How many unpaired electrons are in Sm where z= 62 write the electrons configuration of +3 ion
In a neutral Sm atom (Z = 62), the electron configuration is:
1s^2 2s^2 2p^6 3s^2 3p^6 4s^2 3d^10 4p^6 5s^2 4d^10 5p^6 6s^2 4f^6 5d^0 6p^0
To determine the number of unpaired electrons, we need to consider the last electron added, which is the 4f^6 electron. The 4f sublevel can hold a maximum of 14 electrons, so there are 8 electrons already paired up in the 4f orbital.
Thus, there are 6 unpaired electrons in a neutral Sm atom (Z = 62).
To write the electron configuration of the +3 ion, we remove 3 electrons from the neutral atom. Removing electrons from the outermost (highest energy) shell first, we will remove the 6s^2 electrons and one 4f^6 electron.
Therefore, the electron configuration of the Sm+3 ion is:
1s^2 2s^2 2p^6 3s^2 3p^6 4s^2 3d^10 4p^6 5s^2 4d^10 5p^6 4f^5
The alloy SmCo5 forms a permanent magnet because both samarium and cobalt have unpaired electrons. a)How many unpaired electrons are in Sm where z= 62 b)write the electrons configuration of +3 ion
a) In a Sm atom (Z = 62), the electron configuration is:
1s^2 2s^2 2p^6 3s^2 3p^6 4s^2 3d^10 4p^6 5s^2 4d^10 5p^6 6s^2 4f^6 5d^0 6p^0
To determine the number of unpaired electrons, we need to consider the last electron added, which is the 4f^6 electron. The 4f sublevel can hold a maximum of 14 electrons, so there are 8 electrons already paired up in the 4f orbital.
Thus, there are 6 unpaired electrons in a Sm atom (Z = 62).
b) To write the electron configuration of the +3 ion, we remove 3 electrons from the neutral atom. Removing electrons from the outermost (highest energy) shell first, we will remove the 6s^2 electrons and one 4f^6 electron.
Therefore, the electron configuration of the Sm+3 ion is:
1s^2 2s^2 2p^6 3s^2 3p^6 4s^2 3d^10 4p^6 5s^2 4d^10 5p^6 4f^5
To determine the number of unpaired electrons in Sm (atomic number 62), we need to find its electron configuration.
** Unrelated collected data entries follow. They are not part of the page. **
(* Let $R$ be a locally stable commutative ring. Then every stably free $R$-module is free; equivalently, for all $n$ and $a_1,\dots,a_n\in R$ with $a_1R+\cdots+a_nR=R$, the row $(a_1,\dots,a_n)$ is the first row of an invertible $n\times n$ matrix over $R$.
   Context: All rings are commutative with identity. An $R$-module $P$ is stably free if $P\oplus R^m\cong R^n$ for some $m,n\in\mathbb{N}$. A ring $S$ has stable range 1 if whenever $aS+bS=S$ there is $y\in S$ with $a+by$ a unit. $R$ is locally stable if whenever $a,b\in R$ with $aR+bR=R$ there is $y\in R$ such that $R/(a+by)R$ has stable range 1. *)

theory Defs
  imports Main "Jordan_Normal_Form.Matrix"
begin

text \<open>The quotient ring R/cR has stable range 1, written out in R:
  a comaximal pair (a + cR, b + cR) in R/cR, i.e. aR + bR + cR = R, admits y such that
  a + b y is a unit modulo cR.\<close>
definition quot_stable_range_1 :: "'a::comm_ring_1 \<Rightarrow> bool" where
  "quot_stable_range_1 c \<longleftrightarrow>
     (\<forall>a b. (\<exists>x y z. a * x + b * y + c * z = 1) \<longrightarrow>
            (\<exists>y u w. (a + b * y) * u + c * w = 1))"

definition locally_stable :: "'a::comm_ring_1 itself \<Rightarrow> bool" where
  "locally_stable TYPE('a) \<longleftrightarrow>
     (\<forall>a b :: 'a. (\<exists>x y. a * x + b * y = 1) \<longrightarrow> (\<exists>y. quot_stable_range_1 (a + b * y)))"

end

theory Submission
  imports Defs
begin

text \<open>Adding to one entry of a row a linear combination of the other entries is right
  multiplication by an invertible matrix, so it preserves being the first row of an invertible
  matrix. For a unimodular row \<open>a\<close> with \<open>a 0 * x 0 + B = 1\<close>, local stability replaces \<open>a 0\<close>
  by \<open>c = a 0 + B * y\<close> such that \<open>R/cR\<close> has stable range 1. The new row is still unimodular,
  so modulo \<open>c\<close> the pair \<open>(a 1, b)\<close>, with \<open>b\<close> a combination of the remaining entries, is
  unimodular, and stable range 1 replaces \<open>a 1\<close> by some \<open>d\<close> with \<open>c * w + d * u = 1\<close>. The
  resulting row is the first row of the invertible block matrix
  \<open>[[c, d, a 2, \<dots>], [-u, w, 0, \<dots>], [0, 0, I]]\<close>.\<close>

lemma invertible_matI:
  assumes "A \<in> carrier_mat n n" "B \<in> carrier_mat n n" "A * B = 1\<^sub>m n" "B * A = 1\<^sub>m n"
  shows "invertible_mat A"
  unfolding invertible_mat_def inverts_mat_def using assms by auto

lemma invertible_matE:
  assumes "invertible_mat A" "A \<in> carrier_mat n n"
  obtains B where "B \<in> carrier_mat n n" "A * B = 1\<^sub>m n" "B * A = 1\<^sub>m n"
proof -
  from assms obtain B where AB: "A * B = 1\<^sub>m n" and BA: "B * A = 1\<^sub>m (dim_row B)"
    unfolding invertible_mat_def inverts_mat_def by auto
  have "dim_row B = n" "dim_col B = n"
    using arg_cong[OF AB, of dim_col] arg_cong[OF BA, of dim_col] assms(2) by auto
  with AB BA that show thesis by auto
qed

lemma invertible_mult_mat:
  assumes A: "A \<in> carrier_mat n n" "invertible_mat A" and B: "B \<in> carrier_mat n n" "invertible_mat B"
  shows "invertible_mat (A * B)"
proof -
  obtain A' where A': "A' \<in> carrier_mat n n" "A * A' = 1\<^sub>m n" "A' * A = 1\<^sub>m n"
    using invertible_matE[OF A(2,1)] .
  obtain B' where B': "B' \<in> carrier_mat n n" "B * B' = 1\<^sub>m n" "B' * B = 1\<^sub>m n"
    using invertible_matE[OF B(2,1)] .
  have "(A * B) * (B' * A') = A * ((B * B') * A')"
    using A(1) B(1) A'(1) B'(1) by (simp add: assoc_mult_mat[of _ n n _ n _ n])
  also have "\<dots> = 1\<^sub>m n"
    using A A' B' by simp
  finally have right: "(A * B) * (B' * A') = 1\<^sub>m n" .
  have "(B' * A') * (A * B) = B' * ((A' * A) * B)"
    using A(1) B(1) A'(1) B'(1) by (simp add: assoc_mult_mat[of _ n n _ n _ n])
  also have "\<dots> = 1\<^sub>m n"
    using A' B B' by simp
  finally have left: "(B' * A') * (A * B) = 1\<^sub>m n" .
  show ?thesis
    using A B A' B' left right by (intro invertible_matI[of _ n "B' * A'"]) auto
qed

lemma invertible_four_block_mat_upper:
  fixes M :: "'a::comm_ring_1 mat"
  assumes M: "M \<in> carrier_mat k k" "invertible_mat M" and B: "B \<in> carrier_mat k m"
  shows "invertible_mat (four_block_mat M B (0\<^sub>m m k) (1\<^sub>m m))"
proof -
  obtain M' where M': "M' \<in> carrier_mat k k" "M * M' = 1\<^sub>m k" "M' * M = 1\<^sub>m k"
    using invertible_matE[OF M(2,1)] .
  have MB: "M * (M' * B) = B"
    using M(1) M' B by (simp flip: assoc_mult_mat[of _ k k _ k _ m])
  have zero: "- 0\<^sub>m m m = (0\<^sub>m m m :: 'a mat)" "M' * B + - (M' * B) = 0\<^sub>m k m"
    using M'(1) B by auto
  show ?thesis
  proof (rule invertible_matI[of _ "k + m" "four_block_mat M' (- (M' * B)) (0\<^sub>m m k) (1\<^sub>m m)"])
    show "four_block_mat M B (0\<^sub>m m k) (1\<^sub>m m) * four_block_mat M' (- (M' * B)) (0\<^sub>m m k) (1\<^sub>m m)
        = 1\<^sub>m (k + m)"
      using M(1) M' B MB zero
      by (simp add: mult_four_block_mat[OF M(1) B zero_carrier_mat one_carrier_mat
            M'(1) _ zero_carrier_mat one_carrier_mat])
    show "four_block_mat M' (- (M' * B)) (0\<^sub>m m k) (1\<^sub>m m) * four_block_mat M B (0\<^sub>m m k) (1\<^sub>m m)
        = 1\<^sub>m (k + m)"
      using M(1) M' B zero
      by (simp add: mult_four_block_mat[OF M'(1) _ zero_carrier_mat one_carrier_mat
            M(1) B zero_carrier_mat one_carrier_mat])
  qed (use M(1) M'(1) B in auto)
qed

definition add_col_mat :: "nat \<Rightarrow> nat \<Rightarrow> (nat \<Rightarrow> 'a) \<Rightarrow> 'a::comm_ring_1 mat" where
  "add_col_mat n k t = mat n n (\<lambda>(i, j). (if i = j then 1 else 0) + (if j = k then t i else 0))"

lemma add_col_mat_carrier [simp]: "add_col_mat n k t \<in> carrier_mat n n"
  by (simp add: add_col_mat_def)

lemma index_mult_add_col_mat:
  assumes "A \<in> carrier_mat m n" "i < m" "j < n"
  shows "(A * add_col_mat n k t) $$ (i, j) =
    A $$ (i, j) + (if j = k then (\<Sum>l<n. A $$ (i, l) * t l) else 0)"
proof -
  have "(A * add_col_mat n k t) $$ (i, j) =
      (\<Sum>l<n. A $$ (i, l) * (if l = j then 1 else 0)) + (\<Sum>l<n. A $$ (i, l) * (if j = k then t l else 0))"
    using assms by (simp add: add_col_mat_def scalar_prod_def lessThan_atLeast0 distrib_left sum.distrib)
  then show ?thesis
    using assms by (simp add: if_distrib[of "times _"] cong: if_cong)
qed

lemma add_col_mat_mult:
  assumes "s k = 0"
  shows "add_col_mat n k t * add_col_mat n k s = add_col_mat n k (\<lambda>i. t i + s i)"
proof (rule eq_matI)
  fix i j
  assume "i < dim_row (add_col_mat n k (\<lambda>i. t i + s i))" "j < dim_col (add_col_mat n k (\<lambda>i. t i + s i))"
  then have ij: "i < n" "j < n" by (auto simp: add_col_mat_def)
  have "(\<Sum>l<n. add_col_mat n k t $$ (i, l) * s l) = s i"
    using ij assms
    by (simp add: add_col_mat_def distrib_right sum.distrib if_distrib[of "\<lambda>x. x * _"] cong: if_cong)
  then show "(add_col_mat n k t * add_col_mat n k s) $$ (i, j) =
      add_col_mat n k (\<lambda>i. t i + s i) $$ (i, j)"
    using ij by (simp add: index_mult_add_col_mat[OF add_col_mat_carrier ij]) (auto simp: add_col_mat_def)
qed (auto simp: add_col_mat_def)

lemma add_col_mat_zero: "add_col_mat n k (\<lambda>_. 0) = 1\<^sub>m n"
  by (rule eq_matI) (auto simp: add_col_mat_def)

lemma invertible_add_col_mat:
  assumes "t k = 0"
  shows "invertible_mat (add_col_mat n k t)"
  using add_col_mat_mult[of "\<lambda>i. - t i" k n t] add_col_mat_mult[of t k n "\<lambda>i. - t i"] assms
  by (intro invertible_matI[of _ n "add_col_mat n k (\<lambda>i. - t i)"]) (simp_all add: add_col_mat_zero)

definition completable :: "nat \<Rightarrow> (nat \<Rightarrow> 'a::comm_ring_1) \<Rightarrow> bool" where
  "completable n v \<longleftrightarrow> (\<exists>A \<in> carrier_mat n n. invertible_mat A \<and> (\<forall>j<n. A $$ (0, j) = v j))"

lemma completable_add_col:
  assumes "completable n v" "k < n" "t k = 0"
    and "\<And>j. j < n \<Longrightarrow> w j = v j + (if j = k then (\<Sum>i<n. v i * t i) else 0)"
  shows "completable n w"
proof -
  from assms(1) obtain A where A: "A \<in> carrier_mat n n" "invertible_mat A" "\<forall>j<n. A $$ (0, j) = v j"
    unfolding completable_def by blast
  have "(A * add_col_mat n k t) $$ (0, j) = w j" if "j < n" for j
    using that assms(2,4) A by (simp add: index_mult_add_col_mat[OF A(1)])
  moreover have "invertible_mat (A * add_col_mat n k t)"
    using A assms(3) by (simp add: invertible_mult_mat invertible_add_col_mat)
  ultimately show ?thesis
    unfolding completable_def using A(1) by (intro bexI[of _ "A * add_col_mat n k t"]) auto
qed

lemma completable_extend:
  assumes "completable k v" "0 < k" "k \<le> n"
  shows "completable n v"
proof -
  from assms(1) obtain M where M: "M \<in> carrier_mat k k" "invertible_mat M" "\<forall>j<k. M $$ (0, j) = v j"
    unfolding completable_def by blast
  define B where "B = mat k (n - k) (\<lambda>(i, j). if i = 0 then v (k + j) else 0)"
  define A where "A = four_block_mat M B (0\<^sub>m (n - k) k) (1\<^sub>m (n - k))"
  have "A \<in> carrier_mat n n"
    using M(1) assms(3) unfolding A_def by (intro carrier_matI) auto
  moreover have "invertible_mat A"
    unfolding A_def using M by (intro invertible_four_block_mat_upper) (auto simp: B_def)
  moreover have "A $$ (0, j) = v j" if "j < n" for j
    using that M assms(2,3) by (simp add: A_def B_def)
  ultimately show ?thesis
    unfolding completable_def by blast
qed

lemma completable_one:
  assumes "v 0 * x = 1"
  shows "completable 1 v"
proof -
  have "mat 1 1 (\<lambda>_. v 0) * mat 1 1 (\<lambda>_. x) = 1\<^sub>m 1"
    "mat 1 1 (\<lambda>_. x) * mat 1 1 (\<lambda>_. v 0) = 1\<^sub>m 1"
    using assms by (auto simp: scalar_prod_def mult.commute)
  then show ?thesis
    unfolding completable_def by (intro bexI[of _ "mat 1 1 (\<lambda>_. v 0)"] conjI invertible_matI) auto
qed

lemma completable_two:
  assumes "v 0 * x + v 1 * y = 1"
  shows "completable 2 v"
proof -
  define A where "A = mat 2 2 (\<lambda>(i, j). if i = 0 then v j else if j = 0 then - y else x)"
  define A' where
    "A' = mat 2 2 (\<lambda>(i, j). if i = 0 then (if j = 0 then x else - v 1) else (if j = 0 then y else v 0))"
  have "A * A' = 1\<^sub>m 2" "A' * A = 1\<^sub>m 2"
    using assms by (auto simp: A_def A'_def scalar_prod_def numeral_2_eq_2 less_Suc_eq algebra_simps)
  then show ?thesis
    unfolding completable_def by (intro bexI[of _ A] conjI invertible_matI[of _ 2 A']) (auto simp: A_def A'_def)
qed

lemma completable_if_quot_stable_range_1:
  fixes v x :: "nat \<Rightarrow> 'a::comm_ring_1"
  assumes n: "2 \<le> n" and sr: "quot_stable_range_1 (v 0)" and unimodular: "(\<Sum>i<n. v i * x i) = 1"
  shows "completable n v"
proof -
  obtain m where m: "n = Suc (Suc m)"
    using n by (metis add_2_eq_Suc le_Suc_ex)
  define t where "t i = (if 2 \<le> i then x i else 0)" for i
  define b where "b = (\<Sum>i<n. v i * t i)"
  have "v 1 * x 1 + b * 1 + v 0 * x 0 = 1"
    using unimodular unfolding m b_def t_def sum.lessThan_Suc_shift by (simp add: algebra_simps)
  then obtain y u w where "(v 1 + b * y) * u + v 0 * w = 1"
    using sr unfolding quot_stable_range_1_def by (metis (no_types))
  then have "completable 2 (v(1 := v 1 + b * y))"
    by (intro completable_two[of _ w u]) (simp add: algebra_simps)
  then have reduced: "completable n (v(1 := v 1 + b * y))"
    by (rule completable_extend) (simp_all add: n)
  have undo: "(\<Sum>i<n. (v(1 := v 1 + b * y)) i * - (y * t i)) = - (y * b)"
    unfolding b_def sum_distrib_left sum_negf[symmetric] by (rule sum.cong) (auto simp: t_def)
  show ?thesis
    by (rule completable_add_col[OF reduced, of 1 "\<lambda>i. - (y * t i)"])
      (use n undo in \<open>auto simp: t_def\<close>)
qed

lemma completable_if_locally_stable:
  fixes a x :: "nat \<Rightarrow> 'a::comm_ring_1"
  assumes ls: "locally_stable TYPE('a)" and n: "2 \<le> n" and unimodular: "(\<Sum>i<n. a i * x i) = 1"
  shows "completable n a"
proof -
  obtain m where m: "n = Suc m"
    using n by (cases n) simp_all
  define t where "t i = (if i = 0 then 0 else x i)" for i
  define B where "B = (\<Sum>i<n. a i * t i)"
  have B_unimodular: "a 0 * x 0 + B * 1 = 1"
    using unimodular unfolding m B_def t_def sum.lessThan_Suc_shift by simp
  then obtain y where sr: "quot_stable_range_1 (a 0 + B * y)"
    using ls unfolding locally_stable_def by blast
  define c where "c = a 0 + B * y"
  define x' where "x' i = (if i = 0 then x 0 else x i * (1 - y * x 0))" for i
  have "(\<Sum>i<n. (a(0 := c)) i * x' i) = c * x 0 + B * (1 - y * x 0)"
    unfolding m B_def t_def x'_def sum.lessThan_Suc_shift by (simp add: sum_distrib_right mult.assoc)
  also have "\<dots> = 1"
    using B_unimodular by (simp add: c_def algebra_simps)
  finally have "(\<Sum>i<n. (a(0 := c)) i * x' i) = 1" .
  then have reduced: "completable n (a(0 := c))"
    using n sr by (intro completable_if_quot_stable_range_1[of n _ x']) (simp_all add: c_def)
  have undo: "(\<Sum>i<n. (a(0 := c)) i * - (y * t i)) = - (y * B)"
    unfolding B_def sum_distrib_left sum_negf[symmetric] by (rule sum.cong) (auto simp: t_def)
  show ?thesis
    by (rule completable_add_col[OF reduced, of 0 "\<lambda>i. - (y * t i)"])
      (use n undo in \<open>auto simp: t_def c_def\<close>)
qed

theorem proposition4p5:
  fixes a :: "nat \<Rightarrow> 'a::comm_ring_1" and n :: nat
  assumes "locally_stable TYPE('a)"
    and "\<exists>x. (\<Sum>i<n. a i * x i) = 1"
  shows "\<exists>A \<in> carrier_mat n n. invertible_mat A \<and> (\<forall>j<n. A $$ (0, j) = a j)"
proof -
  obtain x where x: "(\<Sum>i<n. a i * x i) = 1"
    using assms(2) by blast
  consider "n = 0" | "n = 1" | "2 \<le> n"
    by linarith
  then have "completable n a"
  proof cases
    case 1
    then show ?thesis
      unfolding completable_def
      by (intro bexI[of _ "1\<^sub>m 0"] conjI invertible_matI[of _ 0 "1\<^sub>m 0"]) auto
  next
    case 2
    then show ?thesis
      using x completable_one[of a "x 0"] by simp
  next
    case 3
    then show ?thesis
      using completable_if_locally_stable[OF assms(1) _ x] by simp
  qed
  then show ?thesis
    unfolding completable_def .
qed

end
The electron configuration of an atom can be determined by following the Aufbau principle, which states that electrons occupy the lowest energy levels first before filling higher levels. The electron configuration of Sm is:
1s^2 2s^2 2p^6 3s^2 3p^6 4s^2 3d^10 4p^6 5s^2 4d^10 5p^6 6s^2 4f^6 5d^0
To determine the electron configuration of the +3 ion, we need to remove three electrons from the outermost shell (6s^2) first since the Sm ion has a +3 charge.
Therefore, the electron configuration of Sm+3 ion is:
1s^2 2s^2 2p^6 3s^2 3p^6 4s^2 3d^10 4p^6 5s^2 4d^10 5p^6 4f^6 5d^0
Now, to determine the number of unpaired electrons in the Sm+3 ion, we need to look at the last partially filled subshell. In this case, it is the 4f subshell with 6 electrons.
Since the 4f subshell can hold a total of 14 electrons, and there are only 6 electrons in it, we can deduce that all 6 electrons are paired. Therefore, there are no unpaired electrons in the Sm+3 ion.